TASK BRIEF: Below are records. Find each line in them that holds the word "this" and copy it.

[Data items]
□ □ □ □ □ □ □
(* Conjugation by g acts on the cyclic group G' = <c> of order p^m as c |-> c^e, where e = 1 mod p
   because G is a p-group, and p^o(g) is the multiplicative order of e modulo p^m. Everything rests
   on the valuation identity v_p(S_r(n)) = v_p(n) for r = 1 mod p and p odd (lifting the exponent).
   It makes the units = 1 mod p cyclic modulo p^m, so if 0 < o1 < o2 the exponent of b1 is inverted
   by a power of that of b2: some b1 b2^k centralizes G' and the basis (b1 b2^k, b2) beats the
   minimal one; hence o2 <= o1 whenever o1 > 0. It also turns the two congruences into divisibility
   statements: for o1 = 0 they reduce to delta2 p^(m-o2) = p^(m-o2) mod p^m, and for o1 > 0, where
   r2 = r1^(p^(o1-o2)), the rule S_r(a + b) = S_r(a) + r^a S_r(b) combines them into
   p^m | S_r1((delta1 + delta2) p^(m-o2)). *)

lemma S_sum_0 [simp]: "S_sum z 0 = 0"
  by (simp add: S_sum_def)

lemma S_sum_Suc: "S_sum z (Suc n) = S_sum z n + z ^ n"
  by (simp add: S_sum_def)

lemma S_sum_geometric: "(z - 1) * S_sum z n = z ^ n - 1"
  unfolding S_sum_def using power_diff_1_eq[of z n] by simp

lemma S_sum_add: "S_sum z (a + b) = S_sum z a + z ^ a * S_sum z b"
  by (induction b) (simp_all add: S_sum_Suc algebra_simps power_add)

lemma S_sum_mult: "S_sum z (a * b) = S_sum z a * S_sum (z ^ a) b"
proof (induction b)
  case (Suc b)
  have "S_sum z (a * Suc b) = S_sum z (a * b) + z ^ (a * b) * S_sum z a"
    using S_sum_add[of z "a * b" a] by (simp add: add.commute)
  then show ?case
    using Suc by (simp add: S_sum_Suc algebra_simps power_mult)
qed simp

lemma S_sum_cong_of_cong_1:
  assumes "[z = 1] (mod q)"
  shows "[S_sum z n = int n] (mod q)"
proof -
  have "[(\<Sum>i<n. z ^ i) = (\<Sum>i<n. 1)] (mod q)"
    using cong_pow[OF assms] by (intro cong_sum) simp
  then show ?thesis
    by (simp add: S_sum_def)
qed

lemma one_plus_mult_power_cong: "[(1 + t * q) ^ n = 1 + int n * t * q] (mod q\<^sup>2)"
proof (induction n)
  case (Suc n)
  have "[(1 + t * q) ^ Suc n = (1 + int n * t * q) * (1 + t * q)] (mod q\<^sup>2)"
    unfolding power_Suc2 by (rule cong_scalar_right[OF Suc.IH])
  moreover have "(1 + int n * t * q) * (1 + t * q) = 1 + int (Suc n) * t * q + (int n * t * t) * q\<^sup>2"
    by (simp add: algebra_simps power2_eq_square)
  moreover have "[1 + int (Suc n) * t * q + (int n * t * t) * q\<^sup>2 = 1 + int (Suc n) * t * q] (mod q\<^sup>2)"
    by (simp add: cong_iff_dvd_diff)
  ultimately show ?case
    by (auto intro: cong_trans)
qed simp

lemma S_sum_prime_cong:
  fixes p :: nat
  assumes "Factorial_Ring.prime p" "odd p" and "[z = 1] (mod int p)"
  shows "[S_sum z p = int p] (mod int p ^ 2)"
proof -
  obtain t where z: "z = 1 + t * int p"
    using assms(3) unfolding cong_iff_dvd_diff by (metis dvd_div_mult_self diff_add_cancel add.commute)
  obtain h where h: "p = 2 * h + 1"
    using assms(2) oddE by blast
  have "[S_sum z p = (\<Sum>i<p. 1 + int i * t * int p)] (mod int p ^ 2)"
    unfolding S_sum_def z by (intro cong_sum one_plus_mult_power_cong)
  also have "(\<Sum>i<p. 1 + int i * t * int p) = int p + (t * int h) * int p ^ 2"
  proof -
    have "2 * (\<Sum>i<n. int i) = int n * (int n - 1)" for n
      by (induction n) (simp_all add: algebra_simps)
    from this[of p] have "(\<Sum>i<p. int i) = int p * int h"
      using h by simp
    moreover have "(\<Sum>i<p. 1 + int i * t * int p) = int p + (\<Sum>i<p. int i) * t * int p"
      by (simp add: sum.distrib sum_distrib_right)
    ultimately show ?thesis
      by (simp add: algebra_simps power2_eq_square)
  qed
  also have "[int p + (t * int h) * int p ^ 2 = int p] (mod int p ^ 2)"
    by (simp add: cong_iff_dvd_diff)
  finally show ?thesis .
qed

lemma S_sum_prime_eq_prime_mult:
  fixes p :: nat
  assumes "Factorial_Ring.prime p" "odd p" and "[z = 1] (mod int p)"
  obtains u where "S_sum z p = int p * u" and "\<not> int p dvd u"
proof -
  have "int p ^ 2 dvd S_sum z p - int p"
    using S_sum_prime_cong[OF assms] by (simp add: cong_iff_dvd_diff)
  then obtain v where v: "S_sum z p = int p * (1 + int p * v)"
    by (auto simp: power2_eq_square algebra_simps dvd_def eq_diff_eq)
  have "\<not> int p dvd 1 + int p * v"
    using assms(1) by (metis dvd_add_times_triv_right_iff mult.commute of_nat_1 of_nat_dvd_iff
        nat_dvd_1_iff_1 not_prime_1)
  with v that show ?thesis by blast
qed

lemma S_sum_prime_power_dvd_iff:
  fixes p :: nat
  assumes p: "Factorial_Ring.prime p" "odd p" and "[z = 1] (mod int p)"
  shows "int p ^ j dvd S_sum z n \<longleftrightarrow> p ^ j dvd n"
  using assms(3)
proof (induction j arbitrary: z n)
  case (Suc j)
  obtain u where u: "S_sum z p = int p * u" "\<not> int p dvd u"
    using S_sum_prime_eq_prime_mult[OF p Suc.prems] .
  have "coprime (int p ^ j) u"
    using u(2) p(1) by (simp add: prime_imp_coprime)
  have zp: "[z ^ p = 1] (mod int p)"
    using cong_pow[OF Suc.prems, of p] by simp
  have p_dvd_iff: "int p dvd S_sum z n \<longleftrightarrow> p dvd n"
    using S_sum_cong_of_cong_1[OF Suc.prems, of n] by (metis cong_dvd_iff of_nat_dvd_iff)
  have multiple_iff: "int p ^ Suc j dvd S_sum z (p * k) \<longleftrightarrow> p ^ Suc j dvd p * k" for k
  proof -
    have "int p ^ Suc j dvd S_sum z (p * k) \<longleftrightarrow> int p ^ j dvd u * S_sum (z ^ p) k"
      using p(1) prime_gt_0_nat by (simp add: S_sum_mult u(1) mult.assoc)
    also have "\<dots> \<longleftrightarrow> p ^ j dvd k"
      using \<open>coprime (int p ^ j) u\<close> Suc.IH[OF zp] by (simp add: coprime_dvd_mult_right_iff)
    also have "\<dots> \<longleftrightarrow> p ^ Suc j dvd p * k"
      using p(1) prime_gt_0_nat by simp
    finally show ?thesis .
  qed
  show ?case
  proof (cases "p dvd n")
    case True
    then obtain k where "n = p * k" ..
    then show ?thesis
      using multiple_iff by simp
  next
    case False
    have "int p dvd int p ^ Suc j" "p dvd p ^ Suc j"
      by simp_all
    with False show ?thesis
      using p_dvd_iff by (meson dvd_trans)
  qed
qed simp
□ □ □ □ □ □ □
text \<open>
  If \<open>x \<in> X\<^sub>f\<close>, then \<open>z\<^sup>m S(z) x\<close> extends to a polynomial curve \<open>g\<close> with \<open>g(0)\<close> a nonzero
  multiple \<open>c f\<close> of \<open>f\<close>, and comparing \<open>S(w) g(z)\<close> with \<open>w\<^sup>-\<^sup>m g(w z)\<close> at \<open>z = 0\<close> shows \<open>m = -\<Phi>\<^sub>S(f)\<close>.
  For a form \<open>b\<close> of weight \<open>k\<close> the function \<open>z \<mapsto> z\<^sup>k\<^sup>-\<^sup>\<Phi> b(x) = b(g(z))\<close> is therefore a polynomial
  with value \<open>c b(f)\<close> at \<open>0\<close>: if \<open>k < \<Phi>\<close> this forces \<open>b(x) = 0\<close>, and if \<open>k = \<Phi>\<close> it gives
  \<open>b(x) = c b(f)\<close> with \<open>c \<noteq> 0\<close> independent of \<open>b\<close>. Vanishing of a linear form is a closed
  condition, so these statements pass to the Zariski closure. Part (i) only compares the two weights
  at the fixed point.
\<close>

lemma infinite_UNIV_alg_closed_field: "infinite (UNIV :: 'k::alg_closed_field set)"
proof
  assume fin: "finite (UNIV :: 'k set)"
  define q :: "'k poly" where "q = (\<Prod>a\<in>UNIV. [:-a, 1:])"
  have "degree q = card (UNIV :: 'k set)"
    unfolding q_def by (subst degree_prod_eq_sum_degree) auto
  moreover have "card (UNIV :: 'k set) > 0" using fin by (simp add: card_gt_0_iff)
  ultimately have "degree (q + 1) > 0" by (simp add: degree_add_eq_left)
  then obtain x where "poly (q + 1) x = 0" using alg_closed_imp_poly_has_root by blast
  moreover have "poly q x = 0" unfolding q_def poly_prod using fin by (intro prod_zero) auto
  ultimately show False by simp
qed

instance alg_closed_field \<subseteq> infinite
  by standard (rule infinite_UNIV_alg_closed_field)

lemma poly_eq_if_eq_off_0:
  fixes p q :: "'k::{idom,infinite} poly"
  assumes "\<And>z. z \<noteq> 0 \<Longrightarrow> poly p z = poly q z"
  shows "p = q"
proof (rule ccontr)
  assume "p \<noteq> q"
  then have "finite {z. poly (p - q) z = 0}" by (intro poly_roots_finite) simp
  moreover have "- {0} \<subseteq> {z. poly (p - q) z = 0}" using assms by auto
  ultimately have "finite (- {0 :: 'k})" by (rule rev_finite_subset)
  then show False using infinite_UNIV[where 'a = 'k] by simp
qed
□ □ □ □ □ □ □
WRITTEN ANSWER:
    from this[of p] have "(\<Sum>i<p. int i) = int p * int h"
  with value \<open>c b(f)\<close> at \<open>0\<close>: if \<open>k < \<Phi>\<close> this forces \<open>b(x) = 0\<close>, and if \<open>k = \<Phi>\<close> it gives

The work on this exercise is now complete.